Okay, so we know the particle oscillates between x=40 mm and x=160 mm. But let's confirm that by finding the extreme positions mathematically. Remember, at the extreme positions, the particle's velocity is zero. We'll use our trusty equation (1/2)v² = k(100x - (1/2)x²) + C, with k=0.09 and C=-288. Since v=0 at the extremes, we have 0 = 0.09(100x - (1/2)x²) - 288.

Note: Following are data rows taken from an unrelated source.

lemma range_inner_product:
  "(\<forall>f\<in>U ` H2. \<forall>g\<in>U ` H2. \<forall>h\<in>U ` H2.
      range_inner (\<lambda>w. f w + g w) h = range_inner f h + range_inner g h) \<and>
   (\<forall>f\<in>U ` H2. \<forall>g\<in>U ` H2. \<forall>c. range_inner (\<lambda>w. c * f w) g = c * range_inner f g) \<and>
   (\<forall>f\<in>U ` H2. \<forall>g\<in>U ` H2. range_inner g f = cnj (range_inner f g)) \<and>
   (\<forall>f\<in>U ` H2. Im (range_inner f f) = 0 \<and> Re (range_inner f f) \<ge> 0) \<and>
   (\<forall>f\<in>U ` H2. range_inner f f = 0 \<longrightarrow> f = (\<lambda>w. 0))"
proof (intro conjI ballI allI impI; elim imageE; hypsubst)
  show "range_inner (\<lambda>w. U a w + U b w) (U d) = range_inner (U a) (U d) + range_inner (U b) (U d)"
    if "a \<in> H2" "b \<in> H2" "d \<in> H2" for a b d
    using that by (rule range_inner_add_left)
  show "range_inner (\<lambda>w. c * U a w) (U b) = c * range_inner (U a) (U b)"
    if "a \<in> H2" "b \<in> H2" for a b c
    using that by (rule range_inner_scale_left)
  show "range_inner (U b) (U a) = cnj (range_inner (U a) (U b))" if "a \<in> H2" "b \<in> H2" for a b
    using that by (simp add: range_inner_U h2_inner_commute[OF that])
  show "Im (range_inner (U a) (U a)) = 0" "Re (range_inner (U a) (U a)) \<ge> 0" if "a \<in> H2" for a
    using that h2_inner_self_nonneg by (simp_all add: range_inner_U)
  show "U a = (\<lambda>w. 0)" if "a \<in> H2" "range_inner (U a) (U a) = 0" for a
    using that h2_inner_self_eq_0 H2_linear_zero[OF U_linear] by (simp add: range_inner_U)
qed

lemma range_complete:
  "\<forall>X. (\<forall>i. X i \<in> U ` H2) \<and>
     (\<forall>r>0. \<exists>N. \<forall>i\<ge>N. \<forall>j\<ge>N. sqrt (Re (range_inner (\<lambda>w. X i w - X j w) (\<lambda>w. X i w - X j w))) < r)
   \<longrightarrow> (\<exists>L\<in>U ` H2. (\<lambda>i. sqrt (Re (range_inner (\<lambda>w. X i w - L w) (\<lambda>w. X i w - L w)))) \<longlonglongrightarrow> 0)"
proof (intro allI impI, elim conjE)
  fix X :: "nat \<Rightarrow> complex \<Rightarrow> complex"
  assume range: "\<forall>i. X i \<in> U ` H2"
    and Cauchy: "\<forall>r>0. \<exists>N. \<forall>i\<ge>N. \<forall>j\<ge>N.
      sqrt (Re (range_inner (\<lambda>w. X i w - X j w) (\<lambda>w. X i w - X j w))) < r"
  define Y where "Y i = inv_into H2 U (X i)" for i
  have Y: "Y i \<in> H2" "X i = U (Y i)" for i
    using range by (auto simp: Y_def inv_into_into f_inv_into_f)
  have dist_eq: "sqrt (Re (range_inner (\<lambda>w. X i w - U g w) (\<lambda>w. X i w - U g w)))
      = h2_norm (\<lambda>w. Y i w - g w)" if "g \<in> H2" for i g
    using that Y by (simp add: H2_linear_diff[OF U_linear, symmetric] norm_range_inner_U H2_diff(1))
  have "\<forall>r>0. \<exists>N. \<forall>i\<ge>N. \<forall>j\<ge>N. h2_norm (\<lambda>w. Y i w - Y j w) < r"
    using Cauchy by (simp add: dist_eq[OF Y(1), symmetric] Y(2)[symmetric])
  then obtain L where L: "L \<in> H2" "(\<lambda>i. h2_norm (\<lambda>w. Y i w - L w)) \<longlonglongrightarrow> 0"
    using H2_complete[of Y] Y(1) by blast
  then show "\<exists>L\<in>U ` H2. (\<lambda>i. sqrt (Re (range_inner (\<lambda>w. X i w - L w) (\<lambda>w. X i w - L w)))) \<longlonglongrightarrow> 0"
    using dist_eq[OF L(1)] by (intro bexI[of _ "U L"]) auto
qed

lemma range_kernel_eq_inner:
  assumes "z \<in> ball 0 1" "w \<in> ball 0 1"
  shows "range_kernel z w = h2_inner (e w) (e z)"
  using U_eval[OF e_H2[OF assms(2)] assms(1)] by (simp add: range_kernel_def)

lemma range_kernel_positive:
  "\<forall>zs c. set zs \<subseteq> ball 0 1 \<longrightarrow>
     (let S = (\<Sum>i<length zs. \<Sum>j<length zs. c i * cnj (c j) * range_kernel (zs ! j) (zs ! i))
      in Im S = 0 \<and> Re S \<ge> 0)"
proof (intro allI impI)
  fix zs :: "complex list" and c :: "nat \<Rightarrow> complex"
  assume zs: "set zs \<subseteq> ball 0 1"
  define m where "m = length zs"
  define E where "E w = (\<Sum>i<m. c i * e (zs ! i) w)" for w
  have e_zs: "e (zs ! i) \<in> H2" if "i < m" for i
    using that by (intro e_H2 subsetD[OF zs] nth_mem) (simp add: m_def)
  have E: "E \<in> H2"
    unfolding E_def using H2_sum(1)[of "{..<m}" "\<lambda>i. e (zs ! i)" c] e_zs by auto
  have "h2_inner E E = (\<Sum>i<m. c i * h2_inner (e (zs ! i)) E)"
    unfolding E_def[abs_def] using e_zs E[unfolded E_def[abs_def]] by (intro h2_inner_sum_left) auto
  also have "\<dots> = (\<Sum>i<m. c i * (\<Sum>j<m. cnj (c j) * h2_inner (e (zs ! i)) (e (zs ! j))))"
  proof (intro sum.cong refl arg_cong[where f="(*) _"])
    fix i assume "i \<in> {..<m}"
    then show "h2_inner (e (zs ! i)) E = (\<Sum>j<m. cnj (c j) * h2_inner (e (zs ! i)) (e (zs ! j)))"
      unfolding E_def[abs_def] by (intro h2_inner_sum_right) (auto intro: e_zs)
  qed
  also have "\<dots> = (\<Sum>i<m. \<Sum>j<m. c i * cnj (c j) * range_kernel (zs ! j) (zs ! i))"
    using zs by (simp add: sum_distrib_left range_kernel_eq_inner m_def subset_iff mult.assoc)
  finally show "let S = (\<Sum>i<length zs. \<Sum>j<length zs.
        c i * cnj (c j) * range_kernel (zs ! j) (zs ! i)) in Im S = 0 \<and> Re S \<ge> 0"
    using h2_inner_self_nonneg[OF E] by (simp add: Let_def m_def)
qed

To make things easier, let's get rid of the 0.09 by dividing both sides by it: 0 = 100x - (1/2)x² - 288/0.09. Calculate 288/0.09: 288 / 0.09 = 3200. So, our equation becomes 0 = 100x - (1/2)x² - 3200. Now, let's multiply the entire equation by 2 to get rid of the fraction: 0 = 200x - x² - 6400. Rearrange the terms to get a standard quadratic equation: x² - 200x + 6400 = 0.
Now we can use the quadratic formula to solve for x: x = [-b ± √(b² - 4ac)] / 2a, where a=1, b=-200, and c=6400. Plug in the values: x = [200 ± √((-200)² - 4(1)(6400))] / 2(1). Simplify inside the square root: (-200)² = 40000 and 4(1)(6400) = 25600. So, we have x = [200 ± √(40000 - 25600)] / 2. Subtract inside the square root: 40000 - 25600 = 14400. Now we have x = [200 ± √14400] / 2. The square root of 14400 is 120, so x = [200 ± 120] / 2.
Now we have two possible solutions for x: x₁ = (200 + 120) / 2 = 320 / 2 = 160 mm, and x₂ = (200 - 120) / 2 = 80 / 2 = 40 mm. These are the extreme positions of the particle's motion, exactly as stated in the problem! So, our calculations confirm that the particle oscillates between x=40 mm and x=160 mm. We've used the physics and the math to show it. How cool is that?
Conclusion: Mastering Oscillation Problems
Alright guys, we've tackled a pretty challenging problem involving oscillations and acceleration. We started by understanding the relationship between acceleration and position, then we used calculus to find the constant k and the particle's velocity at a specific point. We even verified the range of the particle's motion. The key takeaways here are the importance of understanding the physics behind the equations, using the chain rule to relate acceleration to velocity and position, and applying boundary conditions to solve for unknowns. These are skills that will serve you well in any physics problem, especially those involving oscillations and harmonic motion. Keep practicing, keep thinking, and you'll be a physics pro in no time!